[Records for processing]

lemma root_qK_cases:
  assumes parity: "\<forall>v\<in>Lam. odd (qK (Kcoords b v)) \<or> 4 dvd qK (Kcoords b v)"
    and root: "v \<in> Lam" "bK3 v v = -2" and nonpos: "qK (Kcoords b v) \<le> 0"
  shows "qK (Kcoords b v) = 0 \<or> qK (Kcoords b v) = -1"
proof -
  have "qK (Kcoords b v) \<in> {-2, -1, 0}"
    using root_Kperp_norm(1)[OF root] nonpos by auto
  then show ?thesis
    using parity root(1) by fastforce
qed

lemma hyp_eq_imp_Kcoords_multiple:
  assumes \<omega>0: "\<omega>0 \<in> period_cone Lam" and q\<delta>: "qK (Kcoords b \<delta>) = -1"
    and hyp_eq: "hyp d \<inter> (connected_component_set (period_cone Lam) \<omega>0 \<inter> cx_span K)
                 = hyp \<delta> \<inter> (connected_component_set (period_cone Lam) \<omega>0 \<inter> cx_span K)"
  obtains c :: real where "\<And>j. j < 4 \<Longrightarrow> real_of_int (Kcoords b d j) = c * real_of_int (Kcoords b \<delta> j)"
proof
  define a e where "a = (Kcoords b (ivec \<delta>) :: nat \<Rightarrow> real)" and "e = (Kcoords b (ivec d) :: nat \<Rightarrow> real)"
  have "qK a = -1"
    using q\<delta> unfolding a_def Kcoords_ivec[abs_def] qK_of_int by simp
  then show "real_of_int (Kcoords b d j) = - bK e a * real_of_int (Kcoords b \<delta> j)" if "j < 4" for j
    using hyp_eq_imp_Kcoords_proportional[OF \<omega>0 a_def _ e_def hyp_eq] that
    unfolding a_def e_def Kcoords_ivec by (simp add: add_eq_0_iff2)
qed

lemma hyp_eq_imp_root_orbit:
  assumes parity: "\<forall>v\<in>Lam. odd (qK (Kcoords b v)) \<or> 4 dvd qK (Kcoords b v)"
    and I: "isometry_K3 I" "{x \<in> zvec 22. I x = - x} = K"
      "{x \<in> zvec 22. I x = x} = {x \<in> zvec 22. \<forall>y\<in>K. bK3 x y = 0}"
    and \<omega>0: "\<omega>0 \<in> period_cone Lam"
    and roots: "d \<in> Lam" "\<delta> \<in> Lam" "bK3 d d = -2" "bK3 \<delta> \<delta> = -2"
    and \<delta>_neg: "qK (Kcoords b \<delta>) < 0"
    and hyp_eq: "hyp d \<inter> (connected_component_set (period_cone Lam) \<omega>0 \<inter> cx_span K)
                 = hyp \<delta> \<inter> (connected_component_set (period_cone Lam) \<omega>0 \<inter> cx_span K)"
  shows "d \<in> {\<delta>, - \<delta>, I \<delta>, - I \<delta>}"
proof -
  have q\<delta>: "qK (Kcoords b \<delta>) = -1"
    using root_qK_cases[OF parity roots(2,4)] \<delta>_neg by simp
  obtain c :: real where c: "\<And>j. j < 4 \<Longrightarrow> real_of_int (Kcoords b d j) = c * real_of_int (Kcoords b \<delta> j)"
    using hyp_eq_imp_Kcoords_multiple[OF \<omega>0 q\<delta> hyp_eq] by blast
  have "real_of_int (qK (Kcoords b d)) = c\<^sup>2 * real_of_int (qK (Kcoords b \<delta>))"
    unfolding qK_def using c by (simp add: power2_eq_square algebra_simps)
  then have qd: "real_of_int (qK (Kcoords b d)) = - c\<^sup>2"
    using q\<delta> by simp
  then have "qK (Kcoords b d) \<le> 0"
    by (metis of_int_le_0_iff neg_le_0_iff_le zero_le_power2)
  with root_qK_cases[OF parity roots(1,3)] consider "qK (Kcoords b d) = 0" | "qK (Kcoords b d) = -1"
    by blast
  then show ?thesis
  proof cases
    case 1
    then have "\<forall>j<4. Kcoords b d j = 0"
      using qd c by simp
    then show ?thesis
      using root_not_orth_K[OF roots(1,3)] by simp
  next
    case 2
    then have "c\<^sup>2 = 1"
      using qd by simp
    then obtain \<epsilon> :: int where \<epsilon>: "\<epsilon> = 1 \<or> \<epsilon> = -1" "c = of_int \<epsilon>"
      by (metis power2_eq_1_iff of_int_1 of_int_minus)
    have "\<forall>j<4. Kcoords b d j = \<epsilon> * Kcoords b \<delta> j"
      using c \<epsilon>(2) by (metis of_int_eq_iff of_int_mult)
    then have "d = (\<lambda>k. \<epsilon> * \<delta> k) \<or> d = (\<lambda>k. - \<epsilon> * I \<delta> k)"
      by (rule roots_same_K_component[OF I roots q\<delta> \<epsilon>(1)])
    then show ?thesis
      using \<epsilon>(1) by (auto simp: fun_eq_iff fun_Compl_def)
  qed
qed

end

theorem proposition3p14:
  fixes Lam K :: "(nat \<Rightarrow> int) set"
    and I :: "(nat \<Rightarrow> int) \<Rightarrow> (nat \<Rightarrow> int)"
    and \<omega>0 :: "nat \<Rightarrow> complex"
    and d \<delta> :: "nat \<Rightarrow> int"
  assumes Lam: "iso_to 12 gram_Lambda Lam" "primitive_in_K3 Lam"
    and K: "iso_to 4 gram_U2U2 K" "K \<subseteq> Lam"
    and E: "iso_to 8 gram_E8_2 (orth_in Lam K)"
    and patching_odd: "\<exists>d1 d2. d1 \<in> lat_dual K - ivec ` K
        \<and> d2 \<in> lat_dual (orth_in Lam K) - ivec ` (orth_in Lam K)
        \<and> ivec ` Lam = {(\<lambda>k. of_int n * (d1 k + d2 k) + of_int (x k) + of_int (y k)) | n x y.
                            x \<in> K \<and> y \<in> orth_in Lam K}
        \<and> (\<exists>m::int. bK3 d1 d1 = of_int (2 * m + 1))"
    and Imu: "isometry_K3 I"
      "{x \<in> zvec 22. I x = - x} = K"
      "{x \<in> zvec 22. I x = x} = {x \<in> zvec 22. \<forall>y\<in>K. bK3 x y = 0}"
    and comp: "\<omega>0 \<in> period_cone Lam"
    and roots: "d \<in> Lam" "\<delta> \<in> Lam" "bK3 d d = -2" "bK3 \<delta> \<delta> = -2"
    and neg: "\<exists>\<delta>K \<delta>E. \<delta>K \<in> lat_dual K \<and> \<delta>E \<in> lat_dual (orth_in Lam K) \<and> ivec \<delta> = \<delta>K + \<delta>E \<and> bK3 \<delta>K \<delta>K < 0"
  shows "hyp d \<inter> (connected_component_set (period_cone Lam) \<omega>0 \<inter> cx_span K)
           = hyp \<delta> \<inter> (connected_component_set (period_cone Lam) \<omega>0 \<inter> cx_span K)
         \<longleftrightarrow> d \<in> {\<delta>, - \<delta>, I \<delta>, - I \<delta>}"
proof -
  obtain bL where bL: "\<forall>i<12. bL i \<in> zvec 22" "Lam = lat_span 12 bL"
    using Lam(1) unfolding iso_to_def by auto
  obtain b where b: "U2U2_basis b" "K = lat_span 4 b"
    using K(1) unfolding iso_to_def U2U2_basis_def by auto
  obtain bE where bE: "E8_2_basis bE" "orth_in Lam K = lat_span 8 bE"
    using E unfolding iso_to_def E8_2_basis_def by auto
  interpret lattice_frame b bE bL K Lam
    using bL b bE K(2) by unfold_locales
  obtain d1 d2 m where patch: "d1 \<in> lat_dual K" "d2 \<in> lat_dual (orth_in Lam K)"
      "ivec ` Lam = {(\<lambda>k. of_int n * (d1 k + d2 k) + of_int (x k) + of_int (y k)) | n x y.
                       x \<in> K \<and> y \<in> orth_in Lam K}"
      "bK3 d1 d1 = of_int (2 * m + 1)"
    using patching_odd by blast
  have parity: "\<forall>v\<in>Lam. odd (qK (Kcoords b v)) \<or> 4 dvd qK (Kcoords b v)"
    using qK_Kcoords_Lam_odd_or_4_dvd[OF patch] by blast
  have "qK (Kcoords b \<delta>) < 0"
    using neg qK_Kcoords_neg by blast
  then show ?thesis
    using hyp_eq_imp_root_orbit[OF parity Imu comp roots] orbit_proportional_on_K[OF Imu(1,2) roots(2)]
      hyp_eq_if_proportional_on_K by blast
qed

end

[What you will do] Only lines of the data holding the word "auto" go in the answer. Please copy each of them.

[Solution]
    using root_Kperp_norm(1)[OF root] nonpos by auto
      using \<epsilon>(1) by (auto simp: fun_eq_iff fun_Compl_def)
    using Lam(1) unfolding iso_to_def by auto
    using K(1) unfolding iso_to_def U2U2_basis_def by auto
    using E unfolding iso_to_def E8_2_basis_def by auto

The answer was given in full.